D’autant que si ce changement rend plus ‘intéressant’ le travail, cet intérêt renouvelé s’accompagne d’une contrepartie que les auxiliaires ont formulé timidement mais néanmoins à plusieurs reprises : en devenant plus intéressant, le travail devient aussi plus ‘stressant’. On se pose davantage de questions sur son rapport aux enfants, aux parents [...] Un plus grand investissement au travail semble s’accompagner de stress, d’où des remarques, pas toujours des plus agréables parfois, du mari et/ou des proches. Malgré cela, mais aussi dès que l’on tient compte des dimensions collectives caractéristiques de l’univers du travail des auxiliaires, il est étonnant de constater la rapidité avec laquelle les personnes ont décidé de transformer leurs pratiques dès qu’elles ont pris conscience des modifications nécessaires à y apporter. Or, comme nous avons pu le constater depuis que nous intervenons dans plusieurs établissements, des catégories de professionnels en contact direct avec les enfants et qui ont eu une formation assez limitée aux pratiques éducatives, comme les auxiliaires de puériculture ou les Aides Médico-Psychologiques (AMP), sont en fait très motivées dès qu’on leur propose un travail réflexif sur les pratiques éducatives, et encore plus, si à l’occasion de séquences de formation intra-institutionnelle, il s’agit de réfléchir aux transformations possibles à mettre en œuvre au niveau de leurs propres pratiques. (Fablet, 2004, pp. 182-183)
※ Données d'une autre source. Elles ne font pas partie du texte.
lemma boundaries_at_iff:
  "z \<in> boundaries_at t k \<longleftrightarrow> z \<in> all_cycles \<and> (\<forall>\<tau>\<in>coords z. \<tau> \<in> boundary_pivots \<and> death \<tau> \<le> t)"
proof
  assume z: "z \<in> boundaries_at t k"
  have "z \<in> all_cycles"
    using z boundaries_at_subset_top boundaries_subset_cycles by blast
  moreover have "coords z \<subseteq> {\<tau> \<in> boundary_pivots. death \<tau> \<le> t}"
  proof (rule basis_spans(1)[OF xor_subspace_boundaries_at _ _ _ _ z])
    show "boundaries_at t k \<subseteq> all_cycles"
      using boundaries_at_subset_top boundaries_subset_cycles by blast
    show "pivot b \<in> {\<tau> \<in> boundary_pivots. death \<tau> \<le> t}" if "b \<in> boundaries_at t k" "b \<noteq> {}" for b
      using death_le[OF that] by simp
    show "{\<tau> \<in> boundary_pivots. death \<tau> \<le> t} \<subseteq> cycle_pivots"
      using boundary_pivots_subset by blast
    show "basis \<tau> \<in> boundaries_at t k" if "\<tau> \<in> {\<tau> \<in> boundary_pivots. death \<tau> \<le> t}" for \<tau>
      using basis_boundary(1) boundaries_at_mono that by blast
  qed
  ultimately show "z \<in> all_cycles \<and> (\<forall>\<tau>\<in>coords z. \<tau> \<in> boundary_pivots \<and> death \<tau> \<le> t)"
    by blast
next
  assume z: "z \<in> all_cycles \<and> (\<forall>\<tau>\<in>coords z. \<tau> \<in> boundary_pivots \<and> death \<tau> \<le> t)"
  have "xor_sum basis (coords z) \<in> boundaries_at t k"
  proof (rule xor_sum_in_subspace[OF xor_subspace_boundaries_at])
    show "finite (coords z)"
      using coords_cycle(1) z finite_cycle_pivots finite_subset by blast
    show "basis \<tau> \<in> boundaries_at t k" if "\<tau> \<in> coords z" for \<tau>
      using basis_boundary(1) boundaries_at_mono z that by blast
  qed
  then show "z \<in> boundaries_at t k"
    using coords_cycle(2) z by simp
qed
Les conditions de la prise en charge des enfants se sont améliorées. De même, les conditions de travail des professionnelles ont connu une nette amélioration avec l’introduction, en Ville de Genève, d’une Convention collective en 1992. La durée hebdomadaire d’un plein temps a été réduite à 39 heures, les vacances pour le personnel éducatif travaillant en crèche s’élèvent à

7 semaines, ce qui permet à beaucoup d’éducatrices de travailler à temps partiel.

Pourtant, des plaintes fréquentes continuent à surgir concernant un état de fatigue. Fatigue « insolite peut-être, parce qu’elle ne correspond pas à un effort trop intense des organes, mais à une répression de l’activité spontanée de ces organes (moteurs et sensoriels). [...] La fatigue peut aussi trouver son origine dans l’inactivité. Inactivité fatigante parce qu’elle n’est pas une simple mise au repos, mais au contraire une répression-inhibition de l’activité spontanée. (Dejours, 2000, p. 162).

L’amélioration des conditions de travail, si bénéfique soit-elle, ne peut pas enlever la charge psychique importante du métier d’éducatrice.